Wanneer kun je een rechter wraken?

Wanneer er aan de onpartijdigheid van de rechter wordt getwijfeld, is het mogelijk om een wrakingsverzoek in te dienen. Uit statistieken blijkt echter dat de kans op een succesvolle wraking niet heel groot is. Wat zijn de gronden die wel tot een succesvol wrakingsverzoek kunnen leiden? In dit blogartikel zal besproken worden wat wraking van een rechter inhoudt en welke gronden tot een succesvol beroep op wraking hebben geleid in de rechtspraak.

1. Wraking

1.1. Wraking in de wet

Wraking houdt in dat een rechter die een zaak behandelt, vervangen kan worden op grond van feiten en omstandigheden waardoor de rechterlijke onpartijdigheid schade zou kunnen leiden. Wraking wordt geregeld in artikel 36 tot en met 41 van het Wetboek van Burgerlijke Rechtsvordering (Rv) voor civiele procedures, artikel 512 tot en met 518 van het Wetboek van Strafvordering (Sv) voor strafrechtelijke procedures en artikel 8:12 tot en met 8:20 van de Algemene wet bestuursrecht (Awb) voor bestuursrechtelijke zaken.

1.2. Subjectieve en objectieve onpartijdigheid

In het kader van de gronden voor wraking wordt in de jurisprudentie onderscheid gemaakt tussen subjectieve en objectieve onpartijdigheid.

Bij subjectieve onpartijdigheid is het uitgangspunt dat een rechter moet worden vermoed uit hoofde van zijn aanstelling onpartijdig te zijn, tenzij zich een uitzonderlijke omstandigheid voordoet, die een zwaarwegende aanwijzing oplevert voor het oordeel dat een rechter jegens een partij bij een geding een vooringenomenheid koestert. De vrees voor subjectieve onpartijdigheid moet objectief gerechtvaardigd zijn.

Bij objectieve onpartijdigheid gaat het om de feiten en omstandigheden die, ongeacht de persoonlijke instelling van de rechter, grond geven om te vrezen dat een rechter niet onpartijdig is. Hier is de schijn van onpartijdigheid ook van belang. De verzoeker hoeft niet te bewijzen dat die feiten of omstandigheden daadwerkelijk tot vooringenomenheid hebben geleid.

1.3. Wrakingsverzoek

Het verzoek om een rechter te vervangen wordt een wrakingsverzoek genoemd. Een wrakingsverzoek kan voor, tijdens en na de zitting ingediend worden. Een belangrijke voorwaarde is wel dat het voor de einduitspraak moet gebeuren. In dit verzoek moet duidelijk staan waarom de betrokken rechter partijdig is.

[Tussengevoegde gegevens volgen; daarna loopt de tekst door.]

lemma eq_if_id_minus_nonlinear_part_eq:
  assumes u: "vanishes_to scale 1 u" and v: "vanishes_to scale 1 v"
    and eq: "\<And>x. u x - nonlinear_part (u x) = v x - nonlinear_part (v x)"
  shows "u x = v x"
proof -
  have "vanishes_to scale N (\<lambda>x. u x - v x)" for N
  proof (induction N)
    case 0 show ?case by (rule vanishes_to_mono[OF vanishes_to_diff[OF u v]]) simp
  next
    case (Suc N)
    have "u x - v x = nonlinear_part (u x) - nonlinear_part (v x)" for x
      using eq[of x] by (simp add: algebra_simps)
    then show ?case using vanishes_to_nonlinear_part_diff[OF u v Suc.IH] by simp
  qed
  then show ?thesis using eq_0_if_vanishes_to_all[of "\<lambda>x. u x - v x"] by simp
qed

lemma poly_automorphism_if_yagzhev:
  assumes yagzhev: "\<forall>q\<ge>q0. \<forall>a. yagzhev_sum q a = 0"
  shows "poly_automorphism scale (\<lambda>y. y - nonlinear_part y)"
proof -
  let ?F = "\<lambda>y. y - nonlinear_part y" and ?G = "yagzhev_inverse q0"
  have FG: "?F (?G a) = a" for a by (rule yagzhev_inverse_right_inverse[OF yagzhev])
  have GF: "?G (?F a) = a" for a
  proof -
    have ray: "poly_curve scale (\<lambda>x. scale x a)" by (intro poly_curve_mult_var poly_curve_const)
    have "vanishes_to scale 1 (\<lambda>x. ?G (?F (scale x a)))"
      unfolding vanishes_to_1_iff
      using poly_curve_poly_map[OF poly_map_yagzhev_inverse poly_curve_poly_map[OF poly_map_id_minus_nonlinear_part ray]]
      by (simp add: nonlinear_part_0 yagzhev_inverse_0)
    moreover have "vanishes_to scale 1 (\<lambda>x. scale x a)" using vanishes_to_monomial[of 1 1] by simp
    ultimately have "?G (?F (scale x a)) = scale x a" for x
      by (rule eq_if_id_minus_nonlinear_part_eq) (simp add: FG)
    from this[of 1] show ?thesis by simp
  qed
  show ?thesis
    unfolding poly_automorphism_def using poly_map_id_minus_nonlinear_part poly_map_yagzhev_inverse FG GF
    by blast
qed

lemma yagzhev_series_approximates_left_inverse:
  assumes G: "poly_map scale G" and GF: "\<And>y. G (y - nonlinear_part y) = y"
  shows "vanishes_to scale (q + 3) (\<lambda>x. yagzhev_series (q + 2) a x - G (scale x a))"
proof -
  define v where "v x = picard_iterate (Suc q) (scale x a)" for x
  have ray: "poly_curve scale (\<lambda>x. scale x a)" by (intro poly_curve_mult_var poly_curve_const)
  have "poly_curve scale (\<lambda>x. v x - nonlinear_part (v x))"
    using poly_curve_poly_map[OF poly_map_id_minus_nonlinear_part
        vanishes_to_imp_poly_curve[OF vanishes_to_1_picard_iterate]]
    by (simp add: v_def)
  then have "vanishes_to scale (q + 3) (\<lambda>x. G (v x - nonlinear_part (v x)) - G (scale x a))"
    using picard_iterate_residual[of q a] by (intro vanishes_to_poly_map_diff[OF G _ ray]) (simp_all add: v_def)
  then have "vanishes_to scale (q + 3) (\<lambda>x. v x - G (scale x a))" by (simp add: GF)
  moreover have "vanishes_to scale (q + 3) (\<lambda>x. v x - yagzhev_series (q + 2) a x)"
    using picard_iterate_minus_yagzhev_series[of "Suc q" a] by (simp add: v_def eval_nat_numeral)
  ultimately show ?thesis using vanishes_to_diff by fastforce
qed

lemma yagzhev_if_poly_automorphism:
  assumes "poly_automorphism scale (\<lambda>y. y - nonlinear_part y)"
  shows "\<exists>q0. \<forall>q\<ge>q0. \<forall>a. yagzhev_sum q a = 0"
proof -
  obtain G where G: "poly_map scale G" and GF: "\<And>y. G (y - nonlinear_part y) = y"
    using assms unfolding poly_automorphism_def by blast
  obtain d where d: "\<And>a. \<exists>c. \<forall>x. G (scale x a) = (\<Sum>l\<le>d. scale (x ^ l) (c l))"
    using poly_map_along_ray[OF G] by blast
  have "yagzhev_sum q a = 0" if "d < q" for q a
  proof -
    obtain c where c: "\<And>x. G (scale x a) = (\<Sum>l\<le>d. scale (x ^ l) (c l))" using d by blast
    have "yagzhev_series (q + 2) a x - G (scale x a) =
        (\<Sum>j\<le>q + 2. scale (x ^ j) (yagzhev_sum j a - (if j \<le> d then c j else 0)))" for x
    proof -
      have "(\<Sum>l\<le>d. scale (x ^ l) (c l)) = (\<Sum>j\<le>q + 2. scale (x ^ j) (if j \<le> d then c j else 0))"
        by (rule sum.mono_neutral_cong_left) (use that in auto)
      then show ?thesis by (simp add: c yagzhev_series_def scale_right_diff_distrib sum_subtractf)
    qed
    then have "yagzhev_sum q a - (if q \<le> d then c q else 0) = 0"
      using yagzhev_series_approximates_left_inverse[OF G GF, of q a]
      by (intro vanishes_to_coeff_eq_0[where N = "q + 3" and n = "q + 2"]) simp_all
    with that show ?thesis by simp
  qed
  then show ?thesis by (intro exI[of _ "Suc d"]) auto
qed

end

theorem mainTheorem1:
  fixes scale :: "'k::field_char_0 \<Rightarrow> 'v::ab_group_add \<Rightarrow> 'v"
    and B :: "'v set"
    and m :: nat
    and Psi :: "nat \<Rightarrow> 'v list \<Rightarrow> 'v"
  assumes "finite_dimensional_vector_space scale B"
    and "m \<ge> 2"
    and "\<forall>l\<in>{2..m}. multilinear scale l (Psi l) \<and> symmetric_map l (Psi l)"
  shows "poly_automorphism scale (\<lambda>x. x - (\<Sum>l=2..m. Psi l (replicate l x)))
         \<longleftrightarrow> (\<exists>q0. yagzhev_of_order m Psi q0)"
proof -
  interpret yagzhev_setup scale B m Psi
    by (intro yagzhev_setup.intro fin_dim_vector_space_char_0.intro yagzhev_setup_axioms.intro assms(1,2))
      (use assms(3) in auto)
  have "yagzhev_of_order m Psi q0 \<longleftrightarrow> (\<forall>q\<ge>q0. \<forall>a. yagzhev_sum q a = 0)" for q0
    by (simp add: yagzhev_of_order_def yagzhev_sum_def)
  then show ?thesis
    using poly_automorphism_if_yagzhev yagzhev_if_poly_automorphism
    unfolding nonlinear_part_def by blast
qed

end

In beginsel moet het verzoek schriftelijk worden ingediend, maar dit kan ook mondeling tijdens de zitting. De rechter kan gewraakt worden op verzoek van de verdachte of het openbaar ministerie in een strafzaak en op verzoek van een partij in een civiele of bestuursrechtelijke zaak. In procedures waarin tussenkomst van een advocaat verplicht is, moet de advocaat het verzoek ondertekenen.

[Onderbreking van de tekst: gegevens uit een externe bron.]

lemma vimage_in_sigma_sets_points:
  fixes f :: "'a \<Rightarrow> 'b :: countable"
  shows "f -` A \<inter> \<Omega> \<in> sigma_sets \<Omega> {f -` {b} \<inter> \<Omega> | b. True}"
proof -
  have "f -` A \<inter> \<Omega> = \<Union> ((\<lambda>b. f -` {b} \<inter> \<Omega>) ` A)" by auto
  also have "\<dots> \<in> sigma_sets \<Omega> {f -` {b} \<inter> \<Omega> | b. True}"
    by (rule sigma_sets_UNION) (auto intro: sigma_sets.Basic)
  finally show ?thesis .
qed

lemma gen_sigma_cong:
  assumes "\<And>i \<omega>. i \<in> I \<Longrightarrow> \<omega> \<in> \<Omega> \<Longrightarrow> X i \<omega> = Y i \<omega>"
  shows "gen_sigma \<Omega> X I = gen_sigma \<Omega> Y I"
proof -
  have "X i -` A \<inter> \<Omega> = Y i -` A \<inter> \<Omega>" if "i \<in> I" for i A
    using assms[OF that] by auto
  then have "(\<Union>i\<in>I. {X i -` A \<inter> \<Omega> | A. True}) = (\<Union>i\<in>I. {Y i -` A \<inter> \<Omega> | A. True})"
    by (intro SUP_cong refl) auto
  then show ?thesis unfolding gen_sigma_def by simp
qed

section \<open>Fair sign sequences\<close>

text \<open>For \<open>\<plusminus>1\<close>-valued measurable steps this is equivalent to independence and uniform
  marginals (\<open>fair_signs_srw\<close>, \<open>srwI\<close>), but it is much easier to transport along \<open>T\<close>.\<close>
definition fair_signs :: "'a measure \<Rightarrow> (nat \<Rightarrow> 'a \<Rightarrow> int) \<Rightarrow> bool" where
  "fair_signs M \<xi> \<longleftrightarrow> (\<forall>n w. (\<forall>i<n. w i \<in> {-1, 1}) \<longrightarrow>
      measure M {\<omega>\<in>space M. \<forall>i<n. \<xi> i \<omega> = w i} = 1 / 2 ^ n)"

context prob_space begin

lemma fair_signs_srw:
  assumes "srw M S"
  shows "fair_signs M (\<lambda>i \<omega>. S \<omega> (Suc i) - S \<omega> i)"
  unfolding fair_signs_def
proof (intro allI impI)
  fix n and w :: "nat \<Rightarrow> int"
  assume w: "\<forall>i<n. w i \<in> {-1, 1}"
  define \<xi> where "\<xi> = (\<lambda>i \<omega>. S \<omega> (Suc i) - S \<omega> i)"
  have meas: "\<xi> i \<in> measurable M (count_space UNIV)" for i
    using assms unfolding srw_def \<xi>_def by auto
  have ind: "indep_vars (\<lambda>_. count_space UNIV) \<xi> UNIV"
    using assms unfolding srw_def \<xi>_def by auto
  have single: "prob (\<xi> i -` {a} \<inter> space M) = (if a \<in> {-1, 1} then 1/2 else 0)" for i a
  proof -
    have "prob (\<xi> i -` {a} \<inter> space M) = measure (distr M (count_space UNIV) (\<xi> i)) {a}"
      by (rule measure_distr[symmetric]) (auto simp: meas)
    also have "\<dots> = measure (measure_pmf (pmf_of_set {-1, 1::int})) {a}"
      using assms unfolding srw_def \<xi>_def by auto
    also have "\<dots> = (if a \<in> {-1, 1} then 1/2 else 0)"
      by (simp add: measure_pmf_single)
    finally show ?thesis .
  qed
  show "prob {\<omega>\<in>space M. \<forall>i<n. \<xi> i \<omega> = w i} = 1 / 2 ^ n"
  proof (cases "n = 0")
    case True then show ?thesis by (simp add: prob_space)
  next
    case False
    have eq: "{\<omega>\<in>space M. \<forall>i<n. \<xi> i \<omega> = w i} = (\<Inter>i\<in>{..<n}. \<xi> i -` {w i} \<inter> space M)"
      using False by auto
    have "prob (\<Inter>i\<in>{..<n}. \<xi> i -` {w i} \<inter> space M) = (\<Prod>i\<in>{..<n}. prob (\<xi> i -` {w i} \<inter> space M))"
      by (rule indep_varsD[OF ind]) (use False in auto)
    also have "\<dots> = (\<Prod>i\<in>{..<n}. 1/2)"
      by (intro prod.cong refl) (use w single in auto)
    finally show ?thesis unfolding eq by (simp add: power_one_over)
  qed
qed

lemma event_coordinates_eq:
  assumes "\<And>i. \<xi> i \<in> measurable M (count_space UNIV)" "finite J"
  shows "{\<omega>\<in>space M. \<forall>j\<in>J. \<xi> j \<omega> = v j} \<in> events"
proof (rule sets.sets_Collect_finite_All[OF _ assms(2)])
  fix j
  have "{\<omega>\<in>space M. \<xi> j \<omega> = v j} = \<xi> j -` {v j} \<inter> space M" by auto
  then show "{\<omega>\<in>space M. \<xi> j \<omega> = v j} \<in> events"
    using measurable_sets[OF assms(1), of "{v j}" j] by simp
qed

De wrakingskamer zal vervolgens beoordelen of er sprake is van partijdigheid. Bij een succesvol beroep op wraking wordt de rechter vervangen.

1.4. Statistieken

In 2018 zijn er 750 wrakingsverzoeken ingediend, waarvan slechts een klein deel (2,5%) is toegewezen. Ook in 2019 zijn slechts 20 van de 693 wrakingsverzoeken toegewezen (2,9%). Dit betekent dat een wrakingsverzoek in de praktijk een kleine kans van slagen heeft statistisch gezien.

1.5. Onwelgevallige beslissing

Dat slechts een klein deel van de verzoeken wordt toegewezen, kan te maken hebben met het gegeven dat een verzoek in veel gevallen is ingegeven door een onwelgevallige beslissing van de rechter. In 2018 heeft de Hoge Raad in twee uitspraken echter geoordeeld dat een onwelgevallige (tussen)beslissing geen grond kan vormen voor wraking.

Een voorbeeld hiervan is bijvoorbeeld het afwijzen van een getuigenverzoek. Dit geldt in beginsel ook voor de motivering van deze beslissingen. Hiervan wordt afgeweken als de motiveringen, in het licht van alle omstandigheden van het geval en naar objectieve maatstaven gemeten, wijzen op vooringenomenheid van de rechter.

Wraking is dus niet het juiste rechtsmiddel tegen deze beslissingen. Iemand kan hiervoor in hoger beroep of in cassatie. Verder heeft de Hoge Raad geoordeeld dat de wrakingskamer de mogelijkheid heeft om een wrakingsverzoek direct buiten behandeling te laten, wanneer misbruik wordt gemaakt van het wrakingsmiddel.

2. Succesvolle wrakingsverzoeken

Hoewel de kans op succesvolle wraking niet groot is, laat de jurisprudentie een beeld zien van het soort gevallen waarin wraking het meest kansrijk is. Hieronder bespreken we een aantal gronden die tot een succesvol wrakingsverzoek hebben geleid.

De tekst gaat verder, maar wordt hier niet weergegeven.